You're reading: Fire bomb hits home of Ukraine lawmaker who fights corruption in energy sector

An unknown assailant tossed a can of flammable liquid at the house of Victoria Voytsitska, a Samopomich Party lawmaker active in battling corruption in the energy sector. It caused a brief fire but no injuries.

The
incident happened in the early hours of March 17 at Voytsitska’s home in the
village of Kozyn in Kyiv Oblast, to the south of the capital.

Voytsitska
regards the incident as an assassination attempt.

The
lawmaker said the attackers had been aiming at a car parked near the house, but
missed, and instead the can struck the wall. She thinks that if the attacker
had hit the car, the house would have caught fire as well.

Prosecutor
General Viktor Shokin took the investigation under personal control. The
incident was qualified as a terrorist attack.

“I
have no idea who did this to me. But I’m sure this is not just ordinary vandalism,”
Voytsitska told the Kyiv Post.

The
Samopomich Party in a statement published on the party’s website said it considers
the attack motivated by the lawmaker’s struggle against corruption in the
energy sector. The statement links the attack to Voytsitska’s speech at the parliament
Energy Committee meeting on the eve of the attack on March 16. There,
Voytsitska spoke of alleged violations at state gas company UkrGasVydobuvannya.
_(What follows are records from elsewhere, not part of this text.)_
(* Let $\Omega\subset\mathbb R^n$ be open and bounded with $\mathcal C^2$ boundary, $p>2$, $\lambda>0$, $\varepsilon>0$, $f\in\mathbf{Lip}(\overline\Omega)$, and let $u^\varepsilon$ be the maximal viscosity solution of $(\mathrm{SC}_\varepsilon)$. Let $g\in\mathcal C(\overline\Omega)$ and let $v\in\mathbf{Lip}(\overline\Omega)$ be a viscosity subsolution of $\lambda v+|Dv|^p-g=0$ in $\Omega$ which is semiconvex in $\Omega$ with semiconvexity constant $K$. Then $$\min_{\overline\Omega}(u^\varepsilon-v)\ge\frac1\lambda\Big(-Kn\varepsilon+\min_{\overline\Omega}(f-g)\Big).$$
   Context: $v$ is semiconvex with constant $K$ in $\Omega$ if $-v$ is semiconcave with constant $K$, i.e. for all $x,y$ with $[x,y]\subset\Omega$ and $t\in[0,1]$: $v(tx+(1-t)y)-tv(x)-(1-t)v(y)\le t(1-t)\frac{K|x-y|^2}{2}$. Viscosity subsolution in $\Omega$ of $\lambda v+|Dv|^p-g=0$: for $\varphi\in\mathcal C^1$ with $v-\varphi$ having a local max at $x_0\in\Omega$, $\lambda v(x_0)+|D\varphi(x_0)|^p-g(x_0)\le0$. The state-constraint problem $(\mathrm{SC}_\varepsilon)$: $u\in\mathcal C(\overline\Omega)$ is a viscosity subsolution of $\lambda u+|Du|^p-\varepsilon\Delta u=f$ in $\Omega$ and a viscosity supersolution on $\overline\Omega$ (test at local minima relative to $\overline\Omega$, including boundary points). For $f$ Lipschitz its maximal solution $u^\varepsilon$ lies in $\mathcal C^2(\Omega)\cap\mathcal C^{0,\alpha_p}(\overline\Omega)$, $\alpha_p=\frac{p-2}{p-1}$, and satisfies $\liminf_{\Omega\ni x\to x_0}\frac{u^\varepsilon(x)-u^\varepsilon(x_0)}{|x-x_0|^{\alpha_p}}<0$ for every $x_0\in\partial\Omega$. *)

theory Defs
  imports "HOL-Analysis.Analysis"
begin

definition C2_with :: "'a::euclidean_space set \<Rightarrow> ('a \<Rightarrow> real) \<Rightarrow> ('a \<Rightarrow> 'a) \<Rightarrow> ('a \<Rightarrow> 'a \<Rightarrow> 'a) \<Rightarrow> bool" where
  "C2_with S psi G H \<longleftrightarrow> open S \<and>
     (\<forall>x\<in>S. (psi has_derivative (\<lambda>h. G x \<bullet> h)) (at x)) \<and>
     (\<forall>x\<in>S. (G has_derivative H x) (at x)) \<and>
     (\<forall>i\<in>Basis. \<forall>j\<in>Basis. continuous_on S (\<lambda>x. H x i \<bullet> j))"

definition C1_with :: "'a::euclidean_space set \<Rightarrow> ('a \<Rightarrow> real) \<Rightarrow> ('a \<Rightarrow> 'a) \<Rightarrow> bool" where
  "C1_with S psi G \<longleftrightarrow> open S \<and>
     (\<forall>x\<in>S. (psi has_derivative (\<lambda>h. G x \<bullet> h)) (at x)) \<and> continuous_on S G"

definition lap :: "('a::euclidean_space \<Rightarrow> 'a) \<Rightarrow> real" where
  "lap Hx = (\<Sum>i\<in>Basis. Hx i \<bullet> i)"

definition C2_boundary :: "'a::euclidean_space set \<Rightarrow> bool" where
  "C2_boundary \<Omega> \<longleftrightarrow> (\<forall>x0\<in>frontier \<Omega>. \<exists>r>0. \<exists>psi G H.
      C2_with (ball x0 r) psi G H \<and>
      \<Omega> \<inter> ball x0 r = {x\<in>ball x0 r. psi x < 0} \<and>
      (\<forall>x\<in>frontier \<Omega> \<inter> ball x0 r. G x \<noteq> 0))"

definition visc_sub2 :: "'a::euclidean_space set \<Rightarrow> real \<Rightarrow> real \<Rightarrow> real \<Rightarrow> ('a \<Rightarrow> real) \<Rightarrow> ('a \<Rightarrow> real) \<Rightarrow> bool" where
  "visc_sub2 \<Omega> lam p eps f u \<longleftrightarrow> (\<forall>x0\<in>\<Omega>. \<forall>U phi G H.
      x0 \<in> U \<longrightarrow> C2_with U phi G H \<longrightarrow>
      (\<exists>r>0. \<forall>x\<in>ball x0 r \<inter> \<Omega>. u x - phi x \<le> u x0 - phi x0) \<longrightarrow>
      lam * u x0 + norm (G x0) powr p - eps * lap (H x0) \<le> f x0)"

definition visc_super2_cl :: "'a::euclidean_space set \<Rightarrow> real \<Rightarrow> real \<Rightarrow> real \<Rightarrow> ('a \<Rightarrow> real) \<Rightarrow> ('a \<Rightarrow> real) \<Rightarrow> bool" where
  "visc_super2_cl \<Omega> lam p eps f u \<longleftrightarrow> (\<forall>x0\<in>closure \<Omega>. \<forall>U phi G H.
      x0 \<in> U \<longrightarrow> C2_with U phi G H \<longrightarrow>
      (\<exists>r>0. \<forall>x\<in>ball x0 r \<inter> closure \<Omega>. u x - phi x \<ge> u x0 - phi x0) \<longrightarrow>
      lam * u x0 + norm (G x0) powr p - eps * lap (H x0) \<ge> f x0)"

definition SC_solution :: "'a::euclidean_space set \<Rightarrow> real \<Rightarrow> real \<Rightarrow> real \<Rightarrow> ('a \<Rightarrow> real) \<Rightarrow> ('a \<Rightarrow> real) \<Rightarrow> bool" where
  "SC_solution \<Omega> lam p eps f u \<longleftrightarrow> continuous_on (closure \<Omega>) u \<and>
      visc_sub2 \<Omega> lam p eps f u \<and> visc_super2_cl \<Omega> lam p eps f u"

definition SC_maximal_solution :: "'a::euclidean_space set \<Rightarrow> real \<Rightarrow> real \<Rightarrow> real \<Rightarrow> ('a \<Rightarrow> real) \<Rightarrow> ('a \<Rightarrow> real) \<Rightarrow> bool" where
  "SC_maximal_solution \<Omega> lam p eps f u \<longleftrightarrow> SC_solution \<Omega> lam p eps f u \<and>
      (\<forall>w. SC_solution \<Omega> lam p eps f w \<longrightarrow> (\<forall>x\<in>closure \<Omega>. w x \<le> u x))"

definition visc_sub1 :: "'a::euclidean_space set \<Rightarrow> real \<Rightarrow> real \<Rightarrow> ('a \<Rightarrow> real) \<Rightarrow> ('a \<Rightarrow> real) \<Rightarrow> bool" where
  "visc_sub1 \<Omega> lam p g v \<longleftrightarrow> (\<forall>x0\<in>\<Omega>. \<forall>U phi G.
      x0 \<in> U \<longrightarrow> C1_with U phi G \<longrightarrow>
      (\<exists>r>0. \<forall>x\<in>ball x0 r \<inter> \<Omega>. v x - phi x \<le> v x0 - phi x0) \<longrightarrow>
      lam * v x0 + norm (G x0) powr p - g x0 \<le> 0)"

definition semiconvex_on :: "'a::euclidean_space set \<Rightarrow> real \<Rightarrow> ('a \<Rightarrow> real) \<Rightarrow> bool" where
  "semiconvex_on \<Omega> K v \<longleftrightarrow> (\<forall>x y t. closed_segment x y \<subseteq> \<Omega> \<longrightarrow> 0 \<le> t \<longrightarrow> t \<le> 1 \<longrightarrow>
      v (t *\<^sub>R x + (1 - t) *\<^sub>R y) - t * v x - (1 - t) * v y \<le> t * (1 - t) * K * (norm (x - y))\<^sup>2 / 2)"

end

theory Submission
  imports Defs
begin

(* Doubling of variables.  Let z minimise u - v on the closure of Omega.  Since the boundary
   is C^2 there is an interior cone at z: a direction nu such that every point of the closure
   near z, moved by t nu up to an error rho t, lies in Omega.  Minimising
     u x - v y + k |y - x - delta nu|^2 + eta |x - z|^2
   over x near z and y in the closure, with k of order 1/delta, produces a minimiser
   (xd, yd) with yd in Omega, so the quadratic in y tests the subsolution property of v at yd.
   Semiconvexity turns this touching of v from above into a touching from below by a
   quadratic with Hessian -K, which gives a C^2 test function for the supersolution property
   of u at xd (possibly a boundary point); its Laplacian produces the term K n eps.  Subtracting
   the two inequalities and letting delta and then eta tend to 0 gives the estimate. *)

lemma has_derivative_norm_diff_square:
  fixes a :: "'a::euclidean_space"
  shows "((\<lambda>x. (norm (x - a))\<^sup>2) has_derivative (\<lambda>h. (2 *\<^sub>R (x - a)) \<bullet> h)) (at x within S)"
proof -
  have "((\<lambda>x. (x - a) \<bullet> (x - a)) has_derivative (\<lambda>h. (x - a) \<bullet> h + h \<bullet> (x - a))) (at x within S)"
    by (auto intro!: derivative_eq_intros)
  then show ?thesis
    by (simp add: power2_norm_eq_inner inner_commute algebra_simps)
qed

lemma lap_scaleR: "lap (\<lambda>h::'a::euclidean_space. c *\<^sub>R h) = c * real DIM('a)"
  unfolding lap_def by (simp add: inner_Basis)

lemma powr_increment_le:
  fixes A B A0 p :: real
  assumes p: "1 \<le> p" and A: "0 \<le> A" "A \<le> A0" and B: "0 \<le> B" "B \<le> 1"
  shows "(A + B) powr p - A powr p \<le> p * (A0 + 1) powr (p - 1) * B"
proof (cases "B = 0")
  case False
  then have lt: "A < A + B" using B by simp
  have cont: "continuous_on {A..A+B} (\<lambda>x. x powr p)"
    by (rule continuous_on_powr') (use A p in auto)
  have "(\<lambda>x. x powr p) differentiable (at x)" if "A < x" for x
    using has_real_derivative_powr[of x p] that A unfolding real_differentiable_def by auto
  then obtain l z where z: "A < z" "z < A + B" and d: "DERIV (\<lambda>x. x powr p) z :> l"
    and eq: "(A + B) powr p - A powr p = (A + B - A) * l"
    using MVT[OF lt cont] by blast
  have "l = p * z powr (p - 1)"
    using DERIV_unique[OF d has_real_derivative_powr[of z p]] z A by linarith
  moreover have "z powr (p - 1) \<le> (A0 + 1) powr (p - 1)"
    by (rule powr_mono2) (use p z A B in auto)
  ultimately have "l \<le> p * (A0 + 1) powr (p - 1)"
    using p by (simp add: mult_left_mono)
  then show ?thesis using eq B by (simp add: mult.commute mult_left_mono)
qed simp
Voytsitska has requested investigations
into allegations of corruption at state companies UkrGasVydobuvannya and
UkrNafta. She has filed four claims to National Anti-corruption Bureau (NABU)
since the beginning of the year, all regarding the alleged violations among the
management of state enterprises.

At the Energy Committee meeting on
March 16, its deputy head lawmaker Ihor Nasalyk suggested to allow the
companies who have licenses for natural gas production to share the licenses,
allowing other companies extract gas under the same license. Voytsitska was
against it.

“Today we (blocked) yet another
attempt to steamroll through a corruption scheme under the
pretense of rescuing the oil and
gas production sector,” she wrote on Facebook after the meeting. “This is the
third time Nasalyk tries to push this scheme.”

Nasalyk said he didn’t
have anything wrong in mind when offering to allow sharing licenses.

“The guys from UkrGasVydobuvannya
asked us for this. We have similarly tense discussions in every committee. And
Voytsitska is not as experienced in the
energy sector as she thinks,” Nasalyk said.

Oleg Prokhorenko, the СEO of UkrGasVydobuvannya,
backed Nasalyk’s idea to share licenses.

“Imagine you have several gas wells
in one area and only one license, and one of these wells is out of order. So
another investor can buy it, repair it, and continue to extract gas, using the
same gas field as you,” Prokhorenko said.